Given an infinite dimensional, separable Hilbert space $H$, we know that the the closure of the finite rank operators is equal to the compact operators. The typical proof of this (I believe), is to show that for any compact operator $T$, the operator $P_nT$ converges in norm to $T$, where $P_n$ is the orthogonal projection onto the first $n$ components of the canonical orthonormal basis $(e_n)$. This means that since $||T-P_nT||\rightarrow 0$, the $P_n$ form a left approximate identity for the compact operators.
Now I have two questions.
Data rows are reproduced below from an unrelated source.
theorem proposition2p1:
  fixes K :: nat
    and \<Theta> :: "nat \<Rightarrow> 'a::zero set"
    and P :: "nat \<Rightarrow> 'a \<Rightarrow> real measure"
    and D :: "(nat \<Rightarrow> real) \<Rightarrow> nat \<Rightarrow> bool"
    and \<alpha> :: real
  assumes null_uniform: "\<forall>k<K. P k 0 = unif01"
    and alt_prob: "\<forall>k<K. \<forall>\<theta>\<in>\<Theta> k. prob_space (P k \<theta>) \<and> sets (P k \<theta>) = sets unif01"
    and alt_power: "\<forall>k<K. \<exists>s :: nat \<Rightarrow> 'a. (\<forall>j. s j \<in> \<Theta> k) \<and>
               (\<forall>\<epsilon>>0. (\<lambda>j. measure (P k (s j)) {x \<in> space (P k (s j)). x < \<epsilon>}) \<longlonglongrightarrow> 1)"
    and D_meas: "\<forall>k<K. Measurable.pred (PiM {..<K} (\<lambda>_. unif01)) (\<lambda>p. D p k)"
    and D_mono: "monotone_policy K D"
    and A2: "\<forall>i<K. \<forall>k<K. \<forall>p\<in>unit_cube K.
               ((\<lambda>t. if D (p(i := t)) k then 1 else (0::real))
                  \<longlongrightarrow> (if D (p(i := 0)) k then 1 else 0)) (at_right 0)"
  shows "strong_FWER_control K \<Theta> P D \<alpha> \<longleftrightarrow>
         (\<forall>I \<subseteq> {..<K}.
            integral\<^sup>L (PiM I (\<lambda>_. unif01))
              (\<lambda>q. Max (insert 0 ((\<lambda>k. if D (proj0 K I q) k then 1 else 0::real) ` I))) \<le> \<alpha>)"
proof -
  have integral_eq: "integral\<^sup>L (PiM I (\<lambda>_. unif01))
      (\<lambda>q. Max (insert 0 ((\<lambda>k. if D (proj0 K I q) k then 1 else 0::real) ` I)))
    = measure (PiM I (\<lambda>_. unif01)) (rejection_set K D I 0)" if "I \<subseteq> {..<K}" for I
    using finite_subset[OF that finite_lessThan] by (rule integral_Max_eq_measure_rejection_set)
  have FWER_iff: "strong_FWER_control K \<Theta> P D \<alpha>
      \<longleftrightarrow> (\<forall>I \<subseteq> {..<K}. measure (PiM I (\<lambda>_. unif01)) (rejection_set K D I 0) \<le> \<alpha>)"
    using strong_FWER_control_imp_rejection_bound[OF null_uniform alt_prob alt_power
        D_meas[folded measurable_policy_def] D_mono A2[folded right_continuous_policy_def]]
      rejection_bound_imp_strong_FWER_control[OF null_uniform alt_prob D_meas[folded measurable_policy_def] D_mono]
    by blast
  show ?thesis
    by (simp only: FWER_iff integral_eq cong: imp_cong)
qed

end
The first is why is $P_n$ also a right approximate identity for the compacts? I see why $TP_n$ converges to $T$ pointwise, but I do not know how to show it happens uniformly. The trick I saw for the left approx. case doesn't seem to carry over, specifically because we project first.
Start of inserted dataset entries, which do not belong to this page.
(* Let $\mathcal G=(\mathcal V,\mathcal E,W)$ be a network, $h^-\le h^+$ in $\mathbb R^{\mathcal V}$ and $\mathcal H=\prod_i[h_i^-,h_i^+]$. The following are equivalent: (a) the coordination game on $\mathcal G$ is $\mathcal H$-robustly unpolarizable (for every $h\in\mathcal H$ it has no equilibrium outside $\{\pm\mathbf 1\}$); (b) $\mathcal G$ is $\mathcal H$-robustly indecomposable (i.e., $h$-indecomposable for every $h\in\mathcal H$); (c) $\mathcal G$ is $(h^-,h^+)$-indecomposable.
   Context: A network is $\mathcal G=(\mathcal V,\mathcal E,W)$ with finite node set $\mathcal V$, links $\mathcal E\subseteq\mathcal V\times\mathcal V$, weight matrix $W\in\mathbb R_+^{\mathcal V\times\mathcal V}$ with zero diagonal, $W_{ij}>0$ iff $(i,j)\in\mathcal E$; for $\mathcal S\subseteq\mathcal V$, $w_i^{\mathcal S}=\sum_{j\in\mathcal S}W_{ij}$. $\mathcal X=\{-1,+1\}^{\mathcal V}$. Indecomposability: for $h^-\le h^+$, $\mathcal G$ is $(h^-,h^+)$-indecomposable if for every partition $\mathcal V=\mathcal V^+\cup\mathcal V^-$ into two disjoint nonempty sets there exist a sign $s\in\{-,+\}$ and a node $i\in\mathcal V^s$ with $w_i^{\mathcal V^s}+s\,h_i^s<w_i^{\mathcal V^{-s}}$ (here $s\,h_i^s$ means $+h_i^+$ if $s=+$ and $-h_i^-$ if $s=-$, and $-s$ is the opposite sign). $\mathcal G$ is $h$-indecomposable if it is $(h,h)$-indecomposable. Coordination game with external field $h$: players $\mathcal V$, actions $\{\pm1\}$, utilities $u_i(x)=x_i(\sum_jW_{ij}x_j+h_i)$; $x^*$ is an equilibrium if for every $i$, $x_i^*$ maximizes $u_i(\cdot,x^*_{-i})$ over $\{\pm1\}$. *)

theory Defs
  imports Complex_Main "HOL-Library.FuncSet"
begin

text \<open>A network on the finite node set V is given by a weight function
  W :: 'v => 'v => real, nonnegative, with zero diagonal; links are the pairs
  with positive weight.  Only the values of W on V x V matter.\<close>

definition network :: "'v set \<Rightarrow> ('v \<Rightarrow> 'v \<Rightarrow> real) \<Rightarrow> bool" where
  "network V W \<longleftrightarrow> finite V \<and> (\<forall>i\<in>V. \<forall>j\<in>V. W i j \<ge> 0) \<and> (\<forall>i\<in>V. W i i = 0)"

definition wdeg :: "('v \<Rightarrow> 'v \<Rightarrow> real) \<Rightarrow> 'v \<Rightarrow> 'v set \<Rightarrow> real" where
  "wdeg W i S = (\<Sum>j\<in>S. W i j)"

definition indecomposable2 ::
  "'v set \<Rightarrow> ('v \<Rightarrow> 'v \<Rightarrow> real) \<Rightarrow> ('v \<Rightarrow> real) \<Rightarrow> ('v \<Rightarrow> real) \<Rightarrow> bool" where
  "indecomposable2 V W hm hp \<longleftrightarrow>
     (\<forall>Vp Vm. Vp \<union> Vm = V \<and> Vp \<inter> Vm = {} \<and> Vp \<noteq> {} \<and> Vm \<noteq> {} \<longrightarrow>
        (\<exists>i\<in>Vp. wdeg W i Vp + hp i < wdeg W i Vm) \<or>
        (\<exists>i\<in>Vm. wdeg W i Vm - hm i < wdeg W i Vp))"

definition indecomposable ::
  "'v set \<Rightarrow> ('v \<Rightarrow> 'v \<Rightarrow> real) \<Rightarrow> ('v \<Rightarrow> real) \<Rightarrow> bool" where
  "indecomposable V W h \<longleftrightarrow> indecomposable2 V W h h"

definition configs :: "'v set \<Rightarrow> ('v \<Rightarrow> real) set" where
  "configs V = V \<rightarrow>\<^sub>E {-1, 1}"

definition utility ::
  "'v set \<Rightarrow> ('v \<Rightarrow> 'v \<Rightarrow> real) \<Rightarrow> ('v \<Rightarrow> real) \<Rightarrow> 'v \<Rightarrow> ('v \<Rightarrow> real) \<Rightarrow> real" where
  "utility V W h i x = x i * ((\<Sum>j\<in>V. W i j * x j) + h i)"

definition equilibrium ::
  "'v set \<Rightarrow> ('v \<Rightarrow> 'v \<Rightarrow> real) \<Rightarrow> ('v \<Rightarrow> real) \<Rightarrow> ('v \<Rightarrow> real) \<Rightarrow> bool" where
  "equilibrium V W h x \<longleftrightarrow> x \<in> configs V \<and>
     (\<forall>i\<in>V. \<forall>y\<in>{-1, 1}. utility V W h i (x(i := y)) \<le> utility V W h i x)"

definition consensus :: "'v set \<Rightarrow> ('v \<Rightarrow> real) set" where
  "consensus V = {(\<lambda>i. if i \<in> V then 1 else undefined), (\<lambda>i. if i \<in> V then -1 else undefined)}"

definition box :: "'v set \<Rightarrow> ('v \<Rightarrow> real) \<Rightarrow> ('v \<Rightarrow> real) \<Rightarrow> ('v \<Rightarrow> real) set" where
  "box V hm hp = {h. \<forall>i\<in>V. hm i \<le> h i \<and> h i \<le> hp i}"

definition robustly_unpolarizable ::
  "'v set \<Rightarrow> ('v \<Rightarrow> 'v \<Rightarrow> real) \<Rightarrow> ('v \<Rightarrow> real) set \<Rightarrow> bool" where
  "robustly_unpolarizable V W H \<longleftrightarrow>
     (\<forall>h\<in>H. \<forall>x. equilibrium V W h x \<longrightarrow> x \<in> consensus V)"

definition robustly_indecomposable ::
  "'v set \<Rightarrow> ('v \<Rightarrow> 'v \<Rightarrow> real) \<Rightarrow> ('v \<Rightarrow> real) set \<Rightarrow> bool" where
  "robustly_indecomposable V W H \<longleftrightarrow> (\<forall>h\<in>H. indecomposable V W h)"

end

theory Submission
  imports Defs
begin

text \<open>A configuration x splits V into the nodes playing +1 and those playing -1, and x is an
  equilibrium exactly when no node of either side gains by switching, i.e. when the
  partition is stable. Non-consensus configurations correspond to
  partitions into two nonempty sides, so unpolarizability is indecomposability for each
  fixed field h. For the robust version, stability only gets easier when the field on the
  +1 side increases and the field on the -1 side decreases; hence a partition is stable
  for some h in the box iff it is stable for the extreme field equal to hp on the +1 side
  and hm on the -1 side, which is the (hm, hp) condition.\<close>

definition proper_bipartition :: "'v set \<Rightarrow> 'v set \<Rightarrow> 'v set \<Rightarrow> bool" where
  "proper_bipartition V Vp Vm \<longleftrightarrow> Vp \<union> Vm = V \<and> Vp \<inter> Vm = {} \<and> Vp \<noteq> {} \<and> Vm \<noteq> {}"

definition stable_partition ::
  "('v \<Rightarrow> 'v \<Rightarrow> real) \<Rightarrow> ('v \<Rightarrow> real) \<Rightarrow> ('v \<Rightarrow> real) \<Rightarrow> 'v set \<Rightarrow> 'v set \<Rightarrow> bool" where
  "stable_partition W hm hp Vp Vm \<longleftrightarrow>
     (\<forall>i\<in>Vp. wdeg W i Vm \<le> wdeg W i Vp + hp i) \<and> (\<forall>i\<in>Vm. wdeg W i Vp \<le> wdeg W i Vm - hm i)"

lemma indecomposable2_iff_no_stable_partition:
  "indecomposable2 V W hm hp \<longleftrightarrow>
     \<not> (\<exists>Vp Vm. proper_bipartition V Vp Vm \<and> stable_partition W hm hp Vp Vm)"
  unfolding indecomposable2_def proper_bipartition_def stable_partition_def
  by (auto simp: not_le)

abbreviation plus_side :: "'v set \<Rightarrow> ('v \<Rightarrow> real) \<Rightarrow> 'v set" where
  "plus_side V x \<equiv> {i\<in>V. x i = 1}"

abbreviation minus_side :: "'v set \<Rightarrow> ('v \<Rightarrow> real) \<Rightarrow> 'v set" where
  "minus_side V x \<equiv> {i\<in>V. x i = -1}"

lemma configs_values:
  assumes "x \<in> configs V" "i \<in> V"
  shows "x i = 1 \<or> x i = -1"
  using assms by (auto simp: configs_def)

lemma configs_sides_partition:
  assumes "x \<in> configs V"
  shows "plus_side V x \<union> minus_side V x = V" "plus_side V x \<inter> minus_side V x = {}"
  using assms by (auto simp: configs_def)

lemma not_consensus_iff_proper_bipartition:
  assumes "x \<in> configs V"
  shows "x \<notin> consensus V \<longleftrightarrow> proper_bipartition V (plus_side V x) (minus_side V x)"
proof -
  have ext: "x i = undefined" if "i \<notin> V" for i
    using assms that by (auto simp: configs_def)
  have "x \<in> consensus V \<longleftrightarrow> (\<forall>i\<in>V. x i = 1) \<or> (\<forall>i\<in>V. x i = -1)"
    unfolding consensus_def using ext by (auto simp: fun_eq_iff)
  also have "\<dots> \<longleftrightarrow> plus_side V x = {} \<or> minus_side V x = {}"
    using configs_values[OF assms] by fastforce
  finally show ?thesis
    using configs_sides_partition[OF assms] unfolding proper_bipartition_def by blast
qed

lemma config_of_bipartition:
  assumes "Vp \<union> Vm = V" "Vp \<inter> Vm = {}"
  obtains x where "x \<in> configs V" "plus_side V x = Vp" "minus_side V x = Vm"
proof
  let ?x = "\<lambda>i. if i \<in> V then (if i \<in> Vp then 1 else -1) else undefined :: real"
  show "?x \<in> configs V" by (auto simp: configs_def split: if_split_asm)
  show "plus_side V ?x = Vp" "minus_side V ?x = Vm"
    using assms by (auto split: if_split_asm)
qed

lemma sum_weighted_config:
  assumes "finite V" "x \<in> configs V"
  shows "(\<Sum>j\<in>V. W i j * x j) = wdeg W i (plus_side V x) - wdeg W i (minus_side V x)"
proof -
  note sides = configs_sides_partition[OF assms(2)]
  have "(\<Sum>j\<in>V. W i j * x j) =
      (\<Sum>j\<in>plus_side V x. W i j * x j) + (\<Sum>j\<in>minus_side V x. W i j * x j)"
    using sides assms(1) by (metis (no_types, lifting) finite_Un sum.union_disjoint)
  then show ?thesis
    by (simp add: wdeg_def sum_negf)
qed

lemma utility_fun_upd:
  assumes "W i i = 0"
  shows "utility V W h i (x(i := y)) = y * ((\<Sum>j\<in>V. W i j * x j) + h i)"
proof -
  have "(\<Sum>j\<in>V. W i j * (x(i := y)) j) = (\<Sum>j\<in>V. W i j * x j)"
    using assms by (intro sum.cong) auto
  then show ?thesis by (simp add: utility_def)
qed

lemma equilibrium_iff_stable_partition:
  assumes net: "network V W" and x: "x \<in> configs V"
  shows "equilibrium V W h x \<longleftrightarrow> stable_partition W h h (plus_side V x) (minus_side V x)"
proof -
  define s where "s i = (\<Sum>j\<in>V. W i j * x j) + h i" for i
  note xi = configs_values[OF x]
  have best_response: "(\<forall>y\<in>{-1, 1}. utility V W h i (x(i := y)) \<le> utility V W h i x)
      \<longleftrightarrow> 0 \<le> x i * s i" if "i \<in> V" for i
  proof -
    have "W i i = 0" using net that by (simp add: network_def)
    then have upd: "utility V W h i (x(i := y)) = y * s i" for y
      by (simp add: utility_fun_upd s_def)
    have "utility V W h i x = x i * s i"
      using upd[of "x i"] by simp
    then show ?thesis using xi[OF that] upd by auto
  qed
  have s: "s i = wdeg W i (plus_side V x) - wdeg W i (minus_side V x) + h i" for i
    using sum_weighted_config[OF _ x] net by (simp add: s_def network_def)
  have "equilibrium V W h x \<longleftrightarrow> (\<forall>i\<in>V. 0 \<le> x i * s i)"
    using x best_response by (simp add: equilibrium_def)
  also have "\<dots> \<longleftrightarrow> stable_partition W h h (plus_side V x) (minus_side V x)"
  proof -
    have "0 \<le> x i * s i \<longleftrightarrow>
        (x i = 1 \<longrightarrow> wdeg W i (minus_side V x) \<le> wdeg W i (plus_side V x) + h i) \<and>
        (x i = -1 \<longrightarrow> wdeg W i (plus_side V x) \<le> wdeg W i (minus_side V x) - h i)"
      if "i \<in> V" for i
      using xi[OF that] unfolding s by auto
    then show ?thesis
      unfolding stable_partition_def by auto
  qed
  finally show ?thesis .
qed

lemma unpolarizable_iff_indecomposable:
  assumes "network V W"
  shows "(\<forall>x. equilibrium V W h x \<longrightarrow> x \<in> consensus V) \<longleftrightarrow> indecomposable V W h"
proof -
  have "(\<exists>x. equilibrium V W h x \<and> x \<notin> consensus V) \<longleftrightarrow>
      (\<exists>x\<in>configs V. proper_bipartition V (plus_side V x) (minus_side V x)
         \<and> stable_partition W h h (plus_side V x) (minus_side V x))"
    using equilibrium_iff_stable_partition[OF assms] not_consensus_iff_proper_bipartition
      equilibrium_def by blast
  also have "\<dots> \<longleftrightarrow> (\<exists>Vp Vm. proper_bipartition V Vp Vm \<and> stable_partition W h h Vp Vm)"
  proof
    assume "\<exists>Vp Vm. proper_bipartition V Vp Vm \<and> stable_partition W h h Vp Vm"
    then obtain Vp Vm where "proper_bipartition V Vp Vm" "stable_partition W h h Vp Vm"
      by blast
    moreover obtain x where "x \<in> configs V" "plus_side V x = Vp" "minus_side V x = Vm"
      using config_of_bipartition \<open>proper_bipartition V Vp Vm\<close>
      unfolding proper_bipartition_def by blast
    ultimately show "\<exists>x\<in>configs V. proper_bipartition V (plus_side V x) (minus_side V x)
         \<and> stable_partition W h h (plus_side V x) (minus_side V x)"
      by auto
  qed blast
  finally show ?thesis
    by (auto simp: indecomposable_def indecomposable2_iff_no_stable_partition)
qed

lemma stable_partition_mono:
  assumes "\<forall>i\<in>Vp. hp i \<le> hp' i" "\<forall>i\<in>Vm. hm' i \<le> hm i"
    and "stable_partition W hm hp Vp Vm"
  shows "stable_partition W hm' hp' Vp Vm"
  using assms unfolding stable_partition_def by (smt (verit, best))

lemma stable_partition_for_some_field_in_box:
  assumes "Vp \<union> Vm = V" "Vp \<inter> Vm = {}" "\<forall>i\<in>V. hm i \<le> hp i"
  shows "(\<exists>h\<in>box V hm hp. stable_partition W h h Vp Vm) \<longleftrightarrow> stable_partition W hm hp Vp Vm"
proof
  assume "\<exists>h\<in>box V hm hp. stable_partition W h h Vp Vm"
  then show "stable_partition W hm hp Vp Vm"
    using assms(1) by (auto simp: box_def elim!: stable_partition_mono[rotated 2])
next
  assume stable: "stable_partition W hm hp Vp Vm"
  let ?h = "\<lambda>i. if i \<in> Vp then hp i else hm i"
  have "?h \<in> box V hm hp" using assms by (auto simp: box_def)
  moreover have "stable_partition W ?h ?h Vp Vm"
    using assms(2) by (intro stable_partition_mono[OF _ _ stable]) auto
  ultimately show "\<exists>h\<in>box V hm hp. stable_partition W h h Vp Vm" by blast
qed

theorem theorem3:
  fixes V :: "'v set" and W :: "'v \<Rightarrow> 'v \<Rightarrow> real" and hm hp :: "'v \<Rightarrow> real"
  assumes "network V W"
    and "\<forall>i\<in>V. hm i \<le> hp i"
  shows "(robustly_unpolarizable V W (box V hm hp) \<longleftrightarrow> robustly_indecomposable V W (box V hm hp))
       \<and> (robustly_indecomposable V W (box V hm hp) \<longleftrightarrow> indecomposable2 V W hm hp)"
proof
  show "robustly_unpolarizable V W (box V hm hp) \<longleftrightarrow> robustly_indecomposable V W (box V hm hp)"
    unfolding robustly_unpolarizable_def robustly_indecomposable_def
    using unpolarizable_iff_indecomposable[OF assms(1)] by simp
  have "\<not> robustly_indecomposable V W (box V hm hp) \<longleftrightarrow>
      (\<exists>Vp Vm. proper_bipartition V Vp Vm \<and> (\<exists>h\<in>box V hm hp. stable_partition W h h Vp Vm))"
    unfolding robustly_indecomposable_def indecomposable_def indecomposable2_iff_no_stable_partition
    by blast
  also have "\<dots> \<longleftrightarrow> (\<exists>Vp Vm. proper_bipartition V Vp Vm \<and> stable_partition W hm hp Vp Vm)"
    by (intro ex_cong1 conj_cong refl)
      (simp add: proper_bipartition_def stable_partition_for_some_field_in_box assms(2))
  finally show "robustly_indecomposable V W (box V hm hp) \<longleftrightarrow> indecomposable2 V W hm hp"
    unfolding indecomposable2_iff_no_stable_partition by blast
qed

end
I have recently read that any sequence of finite rank projections ($F_n\leq F_{n+1}$) that converges to the identity pointwise will form an approximate identity as well for the compacts. I'm assuming this follows from the fact that the $P_n$'s do, but it's not clear. I was hoping that you could find a subsequence of the $P_n$'s to dominate the $F_n$'s, but if $H=l^2{\mathbb{(N)}}$, then after you normalize the vector $\xi(n)=\frac{1}{n}$, then no $P_n$ dominates the orthogonal projection onto $\xi$.
For the first part of the question, note that if $T $ is compact, then so is $S = T^\ast $. Now apply the first claim to $S $ to get $$\| T - T P_n\| = \|T^\ast - (T P_n)^\ast \| = \|S - P_n S\| \to 0.$$
For the second part, if $T $ is compact, let $\epsilon >0$. Since the image $T B $ of the closed unit ball under $T $ is totally bounded, there are finitely many $y_1,\dots,y_n \in TB $ (i.e., $Tx_i = y_i $ for suitable $x_i \in B $) such that $TB \subset \bigcup_i B_\epsilon (y_i)$.
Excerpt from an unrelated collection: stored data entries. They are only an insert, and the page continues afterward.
lemma emeasure_UN_countable_le:
  assumes I: "countable I" and A: "\<And>i. i \<in> I \<Longrightarrow> A i \<in> sets M"
  shows "emeasure M (\<Union>(A ` I)) \<le> (\<integral>\<^sup>+i. emeasure M (A i) \<partial>count_space I)"
proof -
  have indicator_le: "indicator (\<Union>(A ` I)) x \<le> (\<integral>\<^sup>+ i. indicator (A i) x \<partial>count_space I)" for x
  proof (cases "x \<in> \<Union>(A ` I)")
    case True
    then obtain j where j: "j \<in> I" "x \<in> A j" by auto
    have "(1::ennreal) = (\<integral>\<^sup>+ i. indicator {j} i \<partial>count_space I)"
      using j by simp
    also have "\<dots> \<le> (\<integral>\<^sup>+ i. indicator (A i) x \<partial>count_space I)"
      by (intro nn_integral_mono) (auto simp: j split: split_indicator)
    finally show ?thesis using True by simp
  qed simp
  have "\<Union>(A ` I) \<in> sets M"
    using sets.countable_UN'[OF I] A by blast
  then have "emeasure M (\<Union>(A ` I)) = (\<integral>\<^sup>+x. indicator (\<Union>(A ` I)) x \<partial>M)"
    by simp
  also have "\<dots> \<le> (\<integral>\<^sup>+x. \<integral>\<^sup>+ i. indicator (A i) x \<partial>count_space I \<partial>M)"
    by (intro nn_integral_mono indicator_le)
  also have "\<dots> = (\<integral>\<^sup>+i. \<integral>\<^sup>+x. indicator (A i) x \<partial>M \<partial>count_space I)"
    using A by (intro nn_integral_count_space_nn_integral I) auto
  also have "\<dots> = (\<integral>\<^sup>+i. emeasure M (A i) \<partial>count_space I)"
    using A by (intro nn_integral_cong) auto
  finally show ?thesis .
qed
By pointwise convergence, there is $N\in \Bbb {N} $ satisfying $\|y_i - F_n y_i \| <\epsilon $ for $n \geq N $. Now, let $x \in B $ be arbitrary and choose $i $ with $\|y_i - Tx\| \leq \epsilon $. Then $$ \|Tx - F_n Tx\| \leq \| Tx - y_i \| + \|y_i - F_n y_i \| + \| F_n (y_i - Tx)\| \leq 3 \epsilon $$ for $n \geq N $. Here, we used that the sequence $(F_n)_n $ is uniformly bounded by one, since it is a family of orthogonal projections.
What we used here is that a compact set behaves in many ways similar to a finite set.